Download or read book Surfacing the Politics of Desire written by Rajeshwari S. Vallury and published by University of Toronto Press. This book was released on 2008-08-09 with total page 249 pages. Available in PDF, EPUB and Kindle. Book excerpt: A particular model of masculine desire has traditionally been evoked in an effort to understand the subordinate role of women in male-authored fiction. Because of this, the belief that male-authored texts are unfailingly built upon the denial of feminine difference has come to dominate many aspects of literary studies. "Surfacing" the Politics of Desire re-examines the "myths" of masculine desire in order to challenge this premise, placing literature at the centre of recent feminist debates over the ontology and politics of sexual difference.
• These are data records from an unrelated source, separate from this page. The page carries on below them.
lemma factors_into_add_split:
  assumes "factors_into x (a + b)"
  obtains y z where "x = y * z" "factors_into y a" "factors_into z b"
proof -
  obtain u xs where u: "u dvd 1" and xs: "\<forall>y\<in>set xs. irreducible y" "length xs = a + b"
    and x: "x = u * prod_list xs"
    using assms unfolding factors_into_def by blast
  have "x = (u * prod_list (take a xs)) * prod_list (drop a xs)"
    by (metis x append_take_drop_id prod_list.append mult.assoc)
  moreover have "factors_into (u * prod_list (take a xs)) a"
    unfolding factors_into_def using u xs
    by (intro exI[of _ u] exI[of _ "take a xs"]) (auto dest: in_set_takeD)
  moreover have "factors_into (prod_list (drop a xs)) b"
    using factors_into_prod_list[of "drop a xs"] xs by (auto dest: in_set_dropD)
  ultimately show ?thesis by (rule that)
qed

lemma factors_into_one_irreducible: "factors_into x 1 \<Longrightarrow> irreducible x"
  unfolding factors_into_def by (auto simp: length_Suc_conv irreducible_unit_mult)

section \<open>Half-factoriality and the Z-property\<close>

lemma half_factorial_lengthD:
  fixes x :: "'a::idom"
  assumes "half_factorial TYPE('a)" and "x \<noteq> 0" "\<not> x dvd 1"
    and "\<forall>y\<in>set xs. irreducible y" "x = prod_list xs"
    and "\<forall>y\<in>set ys. irreducible y" "x = prod_list ys"
  shows "length xs = length ys"
  using assms unfolding half_factorial_def by blast

lemma half_factorial_unit_cofactor:
  assumes hf: "half_factorial TYPE('a::idom)"
    and "a \<noteq> 0" "\<not> a dvd 1" "b \<noteq> 0" "\<not> b dvd 1"
    and irr: "irreducible \<alpha>" "irreducible \<beta>" and eq: "a * b * w = \<alpha> * (\<beta>::'a)"
  shows "w dvd 1"
proof (rule ccontr)
  assume "\<not> w dvd 1"
  have "\<alpha> * \<beta> \<noteq> 0" using irr by (auto simp: irreducible_def)
  then have "w \<noteq> 0" using eq by auto
  have factorization: "\<exists>xs. xs \<noteq> [] \<and> (\<forall>y\<in>set xs. irreducible y) \<and> y = prod_list xs"
    if "y \<noteq> 0" "\<not> y dvd 1" for y :: 'a
    using hf that unfolding half_factorial_def atomic_def by blast
  obtain as where as: "as \<noteq> []" "\<forall>y\<in>set as. irreducible y" "a = prod_list as"
    using factorization assms(2,3) by blast
  obtain bs where bs: "bs \<noteq> []" "\<forall>y\<in>set bs. irreducible y" "b = prod_list bs"
    using factorization assms(4,5) by blast
  obtain ws where ws: "ws \<noteq> []" "\<forall>y\<in>set ws. irreducible y" "w = prod_list ws"
    using factorization \<open>w \<noteq> 0\<close> \<open>\<not> w dvd 1\<close> by blast
  have "length (as @ bs @ ws) = length [\<alpha>, \<beta>]"
  proof (rule half_factorial_lengthD[OF hf \<open>\<alpha> * \<beta> \<noteq> 0\<close>])
    show "\<not> \<alpha> * \<beta> dvd 1" using irr irreducible_not_unit mult_dvd_one_iff by blast
    show "\<alpha> * \<beta> = prod_list (as @ bs @ ws)" using eq as bs ws by (simp add: mult.assoc)
  qed (use as bs ws irr in auto)
  moreover have "length (as @ bs @ ws) \<ge> 3" using as(1) bs(1) ws(1)
    by (cases as; cases bs; cases ws) auto
  ultimately show False by simp
qed

lemma half_factorial_imp_Z_property:
  assumes hf: "half_factorial TYPE('a::idom)" and C: "condition_C TYPE('a)"
  shows "Z_property TYPE('a)"
  unfolding Z_property_def
proof (intro allI impI)
  fix a b c d e :: 'a
  assume h: "a \<noteq> 0 \<and> \<not> a dvd 1 \<and> b \<noteq> 0 \<and> \<not> b dvd 1 \<and> c \<noteq> 0 \<and> \<not> c dvd 1 \<and>
     d \<noteq> 0 \<and> \<not> d dvd 1 \<and> e \<noteq> 0 \<and> \<not> e dvd 1 \<and> a * b * c = d * e"
  show "common_nonunit (a * b) d \<or> common_nonunit (a * b) e"
  proof (rule ccontr)
    define x where "x = a * b"
    assume "\<not> (common_nonunit (a * b) d \<or> common_nonunit (a * b) e)"
    then have coprime_d: "\<not> common_nonunit x d" and coprime_e: "\<not> common_nonunit x e"
      by (auto simp: x_def)
    obtain \<alpha> where \<alpha>: "irreducible \<alpha>" "emb \<alpha> \<in> v_closure (emb ` gen_ideal {x, d})"
      using C primitive_ideal_pair[OF coprime_d] unfolding condition_C_def by blast
    obtain \<beta> where \<beta>: "irreducible \<beta>" "emb \<beta> \<in> v_closure (emb ` gen_ideal {x, e})"
      using C primitive_ideal_pair[OF coprime_e] unfolding condition_C_def by blast
    have "x \<noteq> 0" using h by (simp add: x_def)
    have "d * e = x * c" using h by (simp add: x_def)
    then have "x dvd d * \<beta>"
      using dvd_mult_v_closure[OF \<beta>(2) \<open>x \<noteq> 0\<close>] by simp
    then have "x dvd \<beta> * \<alpha>"
      using dvd_mult_v_closure[OF \<alpha>(2) \<open>x \<noteq> 0\<close>, of \<beta>] by (simp add: mult.commute)
    then obtain w where w: "\<beta> * \<alpha> = x * w" by blast
    then have "a * b * w = \<alpha> * \<beta>" by (simp add: x_def mult.commute)
    then have "w dvd 1"
      using half_factorial_unit_cofactor[OF hf _ _ _ _ \<alpha>(1) \<beta>(1)] h by blast
    obtain k where k: "d * \<beta> = x * k" using \<open>x dvd d * \<beta>\<close> by blast
    have "\<beta> * (d * w) = \<beta> * (\<alpha> * k)"
      by (metis k w mult.assoc mult.commute)
    then have "\<alpha> dvd d * w" using \<beta>(1) by (auto simp: irreducible_def)
    then have "\<alpha> dvd d" using dvd_mult_unit_cancel[OF \<open>w dvd 1\<close>] by blast
    moreover have "\<alpha> dvd x" using dvd_mult_unit_cancel[OF \<open>w dvd 1\<close>] w
      by (metis dvd_triv_right)
    ultimately have "common_nonunit x d"
      unfolding common_nonunit_def using \<alpha>(1) irreducible_not_unit by blast
    with coprime_d show False by contradiction
  qed
qed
Citing examples of textual resistance to analytical feminist thought, Rajeshwari S. Vallury argues that literature is expressive of desires that are not always configured in terms of oppression or the denial of difference. In other words, a particular politics of reading obscures the multiplicity of desire that literature is capable of affirming and risks sacrificing the possibilities of both literature and desire. Through a re-evaluation of the sexual politics practiced by nineteenth-century male writers such as Balzac, Gautier, and Maupassant, Vallury moves towards a reconfiguration of the relationship between aesthetics and politics. "Surfacing" the Politics of Desire calls into question dominant feminist approaches to the literary representation of gender. Enlisting the philosophy of Deleuze and Guattari, Vallury calls for a different method of reading, one based on a deeper understanding of the politics of literature.